さらに、データセンター建設と運営にあたっては、電力の供給、土地確保、許認可、低コスト電力アクセス、建設コスト管理、テナント誘致といった複合課題がある。Feldmanは、「データセンター建築で、最適コストよりも高コストで建てれば収益を圧迫する」と語っており、インフラ事業参入者にとっては綿密な設計・運営戦略が問われる。
3-3. エネルギー・電力インフラと地域配置不一致
AIモデル・推論には膨大な電力量が必要である。Feldmanは、「アメリカには電力は十分にある。ただし、それが人がいる場所/通信網がある場所と合っていない」と指摘する。そのため、地域電力インフラの再構築、送配電線敷設、低電力コスト地域への誘導、発電インフラの整備(例:再生可能/原子力など)等の政策的支援も不可欠とする。
また、その電力を消費する以上は、社会全体への価値還元責任(医療・健康・老年ケア等でのAI応用)を果たす義務がある、という倫理的な視点も語っている。
3-4. 価値集中と財務リスクの過小評価
Feldmanは、MAG7(大型IT・AI企業群)がS&P などを構成する比率がかつてないほど高まっている点を警戒する。すなわち、投資家が業界分散を謳ったポートフォリオを組んでいても、実質的には数社への依存度が非常に高くなっている可能性があるという。これは、AIバブル崩壊や成長鈍化が起きたときのリスク拡大を意味する。
また、大企業が技術よりも財務バランスシート(買収・先出し戦略など)で戦う傾向にシフトする可能性にも言及しており、そうした動きを警戒すべきとしている。
3-5. データ準備・パイプラインは“地味だが致命的”
Feldmanは、AIの成功が「モデル性能」だけで決まるわけではなく、多くのプロジェクトがデータのクリーニング、トークナイゼーション、前処理等の工程で失敗することを指摘している。こうした“裏方”部分の整備能力が差異を生むという主張だ。

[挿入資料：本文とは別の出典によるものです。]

(* Let $X$ be a Hilbert space, $B$ a bounded self-adjoint operator on $X$ with $\rho(B)=\|B\|=1$ such that $-1$ is not an eigenvalue of $B$, and $f\in X$ such that $x=Bx+f$ is solvable. Fix $x_0\in X$, let $x_{n+1}=Bx_n+f$, and let $x_*$ be the solution with $Px_*=Px_0$, where $P$ is the orthogonal projection onto $\ker(I-B)$. Let $(f_n)\subset X$ satisfy $\|f_n-f\|\le\delta_n$ with $\delta_n\ge0$ and $(\delta_n)\in L$, and define $\tilde x_0=x_0$, $\tilde x_{n+1}=B\tilde x_n+f_n$. Put $\delta=\|(\delta_n)\|_L$. Then $\|\tilde x_n-x_*\|\le\|x_n-x_*\|+\|\sigma_n\|\,\delta$ for all $n$, and the approximations quasi-converge to $x_*$: for every $\varepsilon>0$ there is $N(\varepsilon)$ such that for all $N(\varepsilon)\le N_-<N_+$ there is $\eta>0$ such that $\|(\delta_n)\|_L<\eta$ implies $\|\tilde x_n-x_*\|<\varepsilon$ for all $n\in[N_-,N_+]$; i.e. $\lim_{n\to\infty,\ \|\sigma_n\|\delta\to0}\|\tilde x_n-x_*\|=0$.
   Context: $L$ is a Banach space of real sequences $(a_k)_{k\ge0}$ with monotone norm (if $|a_k|\le|b_k|$ for all $k$ then $\|(a_k)\|_L\le\|(b_k)\|_L$), on which each linear functional $\sigma_n((a_k))=a_0+a_1+\dots+a_{n-1}$ ($\sigma_0=0$) is bounded; $\|\sigma_n\|$ denotes its norm as a functional on $L$. $I$ is the identity. *)

theory Defs
  imports "HOL-Analysis.Analysis"
begin

definition seq_banach_space :: "(nat \<Rightarrow> real) set \<Rightarrow> ((nat \<Rightarrow> real) \<Rightarrow> real) \<Rightarrow> bool" where
  "seq_banach_space Ls nL \<longleftrightarrow>
     (\<lambda>k. 0) \<in> Ls \<and>
     (\<forall>a\<in>Ls. \<forall>b\<in>Ls. (\<lambda>k. a k + b k) \<in> Ls) \<and>
     (\<forall>a\<in>Ls. \<forall>c::real. (\<lambda>k. c * a k) \<in> Ls) \<and>
     (\<forall>a\<in>Ls. nL a \<ge> 0 \<and> (nL a = 0 \<longleftrightarrow> a = (\<lambda>k. 0))) \<and>
     (\<forall>a\<in>Ls. \<forall>c::real. nL (\<lambda>k. c * a k) = \<bar>c\<bar> * nL a) \<and>
     (\<forall>a\<in>Ls. \<forall>b\<in>Ls. nL (\<lambda>k. a k + b k) \<le> nL a + nL b) \<and>
     (\<forall>s::nat \<Rightarrow> (nat \<Rightarrow> real). (\<forall>m. s m \<in> Ls) \<and>
        (\<forall>e>0. \<exists>M. \<forall>m\<ge>M. \<forall>m'\<ge>M. nL (\<lambda>k. s m k - s m' k) < e) \<longrightarrow>
        (\<exists>a\<in>Ls. (\<lambda>m. nL (\<lambda>k. s m k - a k)) \<longlonglongrightarrow> 0))"

definition monotone_seq_norm :: "(nat \<Rightarrow> real) set \<Rightarrow> ((nat \<Rightarrow> real) \<Rightarrow> real) \<Rightarrow> bool" where
  "monotone_seq_norm Ls nL \<longleftrightarrow>
     (\<forall>a\<in>Ls. \<forall>b\<in>Ls. (\<forall>k. \<bar>a k\<bar> \<le> \<bar>b k\<bar>) \<longrightarrow> nL a \<le> nL b)"

definition sigma :: "nat \<Rightarrow> (nat \<Rightarrow> real) \<Rightarrow> real" where
  "sigma n a = (\<Sum>k<n. a k)"

definition sigmas_bounded :: "(nat \<Rightarrow> real) set \<Rightarrow> ((nat \<Rightarrow> real) \<Rightarrow> real) \<Rightarrow> bool" where
  "sigmas_bounded Ls nL \<longleftrightarrow> (\<forall>n. \<exists>C. \<forall>a\<in>Ls. \<bar>sigma n a\<bar> \<le> C * nL a)"

definition sigma_norm :: "(nat \<Rightarrow> real) set \<Rightarrow> ((nat \<Rightarrow> real) \<Rightarrow> real) \<Rightarrow> nat \<Rightarrow> real" where
  "sigma_norm Ls nL n = Sup {\<bar>sigma n a\<bar> | a. a \<in> Ls \<and> nL a \<le> 1}"

definition spectrum_op :: "('a::real_normed_vector \<Rightarrow> 'a) \<Rightarrow> real set" where
  "spectrum_op B = {c. \<not> bij (\<lambda>x. c *\<^sub>R x - B x)}"

definition spectral_radius_op :: "('a::real_normed_vector \<Rightarrow> 'a) \<Rightarrow> real" where
  "spectral_radius_op B = Sup (abs ` spectrum_op B)"

definition orth_proj :: "'a::real_inner set \<Rightarrow> 'a \<Rightarrow> 'a" where
  "orth_proj K x = (THE p. p \<in> K \<and> (\<forall>k\<in>K. inner (x - p) k = 0))"

end

theory Submission
  imports Defs "HOL-Probability.Characteristic_Functions"
begin

(* Subtracting the exact iteration from the perturbed one gives
   xt_(n+1) - x_(n+1) = B (xt_n - x_n) + (f_n - f), so, B being nonexpansive,
   ||xt_n - x_n|| <= delta_0 + ... + delta_(n-1) = sigma_n(delta) <= ||sigma_n|| ||delta||_L.
   The exact error is x_n - xs = B^n (x_0 - xs). For a self-adjoint contraction the numbers
   a_k = ||B^k w||^2 decrease and ||B^(2m) w - B^(2n) w||^2 = a_(2m) + a_(2n) - 2 a_(m+n), so the
   even powers B^(2k) w converge to some z with B^2 z = z. Since -1 is not an eigenvalue, B z = z;
   the odd powers then converge to z as well, and z = P w because <B^n w, k> = <w, k> for every
   fixed point k of B. As x_0 and xs have the same projection, x_n -> xs. Quasi-convergence
   follows because on a window [N_-, N_+] only finitely many ||sigma_n|| occur. *)

lemma linear_funpow:
  fixes B :: "'a::real_vector \<Rightarrow> 'a"
  shows "linear B \<Longrightarrow> linear (B ^^ n)"
  by (induction n) (simp_all add: real_vector.linear_id linear_compose)

lemma norm_le_if_onorm_le_1:
  assumes "bounded_linear B" "onorm B \<le> 1"
  shows "norm (B v) \<le> norm v"
  using onorm[OF assms(1), of v] mult_right_mono[OF assms(2) norm_ge_zero, of v] by linarith

lemma decseq_norm_funpow:
  fixes B :: "'a::real_normed_vector \<Rightarrow> 'a"
  assumes "bounded_linear B" "onorm B \<le> 1"
  shows "decseq (\<lambda>n. norm ((B ^^ n) v))"
  by (rule decseq_SucI) (simp add: norm_le_if_onorm_le_1[OF assms])

lemma inner_funpow_selfadjoint:
  assumes "\<forall>u v. inner (B u) v = inner u (B v)"
  shows "inner ((B ^^ i) u) ((B ^^ j) v) = inner u ((B ^^ (i + j)) v)"
proof (induction i arbitrary: u)
  case 0
  then show ?case by simp
next
  case (Suc i)
  have "inner ((B ^^ Suc i) u) ((B ^^ j) v) = inner ((B ^^ i) (B u)) ((B ^^ j) v)"
    by (simp add: funpow_Suc_right del: funpow.simps)
  also have "\<dots> = inner u (B ((B ^^ (i + j)) v))"
    using Suc.IH assms by simp
  finally show ?case by simp
qed

lemma selfadjoint_contraction_even_powers_convergent:
  fixes B :: "'a::{real_inner, complete_space} \<Rightarrow> 'a"
  assumes B: "bounded_linear B" "onorm B \<le> 1"
    and B_sa: "\<forall>u v. inner (B u) v = inner u (B v)"
  shows "convergent (\<lambda>k. (B ^^ (2 * k)) w)"
proof -
  define a where "a k = (norm ((B ^^ k) w))\<^sup>2" for k
  have "decseq a"
    using decseq_norm_funpow[OF B] unfolding a_def decseq_def by (simp add: power_mono)
  then obtain l where a_lim: "a \<longlonglongrightarrow> l" and l_le: "\<And>k. l \<le> a k"
    using decseq_convergent[of a 0] by (auto simp: a_def)
  define z where "z k = (B ^^ (2 * k)) w" for k
  have dist_sq: "(norm (z m - z n))\<^sup>2 = a (2 * m) + a (2 * n) - 2 * a (m + n)" for m n
  proof -
    have zz: "inner (z i) (z j) = inner w ((B ^^ (2 * i + 2 * j)) w)" for i j
      unfolding z_def by (rule inner_funpow_selfadjoint[OF B_sa])
    have aa: "a k = inner w ((B ^^ (k + k)) w)" for k
      unfolding a_def power2_norm_eq_inner by (rule inner_funpow_selfadjoint[OF B_sa])
    have "m + n + (m + n) = 2 * m + 2 * n"
      by simp
    then have "inner (z m) (z n) = a (m + n)"
      unfolding zz aa by (simp only:)
    moreover have "inner (z k) (z k) = a (2 * k)" for k
      unfolding zz aa ..
    ultimately show ?thesis
      by (simp add: power2_norm_eq_inner inner_diff_left inner_diff_right inner_commute)
  qed
  have "Cauchy z"
  proof (rule CauchyI)
    fix e :: real
    assume "e > 0"
    then obtain M where M: "\<And>k. k \<ge> M \<Longrightarrow> \<bar>a k - l\<bar> < e\<^sup>2 / 4"
      using a_lim unfolding LIMSEQ_def dist_real_def by (meson zero_less_divide_iff zero_less_numeral zero_less_power)
    have "norm (z m - z n) < e" if "m \<ge> M" "n \<ge> M" for m n
    proof -
      have "\<bar>a (2 * m) - l\<bar> < e\<^sup>2 / 4" "\<bar>a (2 * n) - l\<bar> < e\<^sup>2 / 4"
        using M that by simp_all
      then have "(norm (z m - z n))\<^sup>2 < e\<^sup>2"
        using dist_sq[of m n] l_le[of "m + n"] by linarith
      then show ?thesis
        using \<open>e > 0\<close> by (simp add: power_less_imp_less_base)
    qed
    then show "\<exists>M. \<forall>m\<ge>M. \<forall>n\<ge>M. norm (z m - z n) < e"
      by blast
  qed
  then show ?thesis
    unfolding z_def by (simp add: Cauchy_convergent_iff)
qed

lemma orth_proj_eqI:
  assumes "subspace K" "p \<in> K" "\<And>k. k \<in> K \<Longrightarrow> inner (x - p) k = 0"
  shows "orth_proj K x = p"
  unfolding orth_proj_def
proof (rule the_equality)
  show "p \<in> K \<and> (\<forall>k\<in>K. inner (x - p) k = 0)"
    using assms(2,3) by blast
next
  fix q
  assume q: "q \<in> K \<and> (\<forall>k\<in>K. inner (x - q) k = 0)"
  then have "p - q \<in> K"
    using assms(1,2) by (simp add: subspace_diff)
  then have "inner (p - q) (p - q) = inner (x - q) (p - q) - inner (x - p) (p - q)"
    by (simp add: inner_diff_left)
  also have "\<dots> = 0"
    using q assms(3) \<open>p - q \<in> K\<close> by simp
  finally show "q = p"
    by simp
qed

これもまた、スタートアップも大企業も無視できない日常的な課題であり、その最適化が実運用品質を左右する。
4. 将来展望:10年後の市場と企業間競争
4-1. 独占化は起こるか?
Feldmanは、「10年後に1社が市場の90%を握るような独占は起きない」と語る。理由は、半導体には用途領域(グラフィックス、AIアクセラレータ、通信プロセッサ、FPGA等)や顧客セグメント(クラウド/エンタープライズ/IoTなど)ごとに異なる要求仕様があり、縦断的な支配は困難だからだ。
この見方は、既存の大企業も新興企業も参考になる視点である。「特定用途/特定顧客セグメントで尖った競争力を示すこと」が、将来的な勝ち筋になり得る。
4-2. マージン重視と収益構造
Feldmanは、Cerebrasが比較的優良なマージンを示していることを、資金調達や将来IPO準備における強みのひとつと捉えている。「赤字拡大企業ばかりが資金調達に奔走している中で、黒字またはマージンを持てる構造を示せること」は信認材料になる、と述べる。
NVIDIAのようなハードウェア企業が示してきた高い粗利率もまた、“価格戦略的優位性”を背景にしていると指摘しており、この点の構造変化を注視すべきだとしている。
4-3. 主権性(Sovereignty)と地域分散の動き
欧州では、“主権AI(Sovereign AI)” を掲げる企業(例:Mistral 等)が登場しており、Feldmanはこれを注目すべきトレンドと捉えている。特に、地域で完結できる高速推論基盤を持つ企業には、国家政策支援も期待できるからだ。
これは、クラウド事業者や国策ベンチャーも含め、地域での自律性を保ちたい事業主体にとって重要な競争軸となる。
まとめ
Andrew Feldmanの語る世界観は、単なる技術論にとどまらず、「どのように資本を動かし、どのように市場・政策・制度を巻き込みながら戦うか」を示すロードマップでもある。巨大企業・スタートアップ・クラウド事業者・インフラ運営者・政策担当者のすべてが、この変化の中で選択を迫られている。
10年後にどの企業が生き残るかを決めるのは、必ずしも性能だけではない。「資本戦略」「技術ロードマップ設計」「インフラ整備」「人材育成」「制度適合性」の総合力が問われる時代が、すでに始まっていると感じさせられる発言群だ。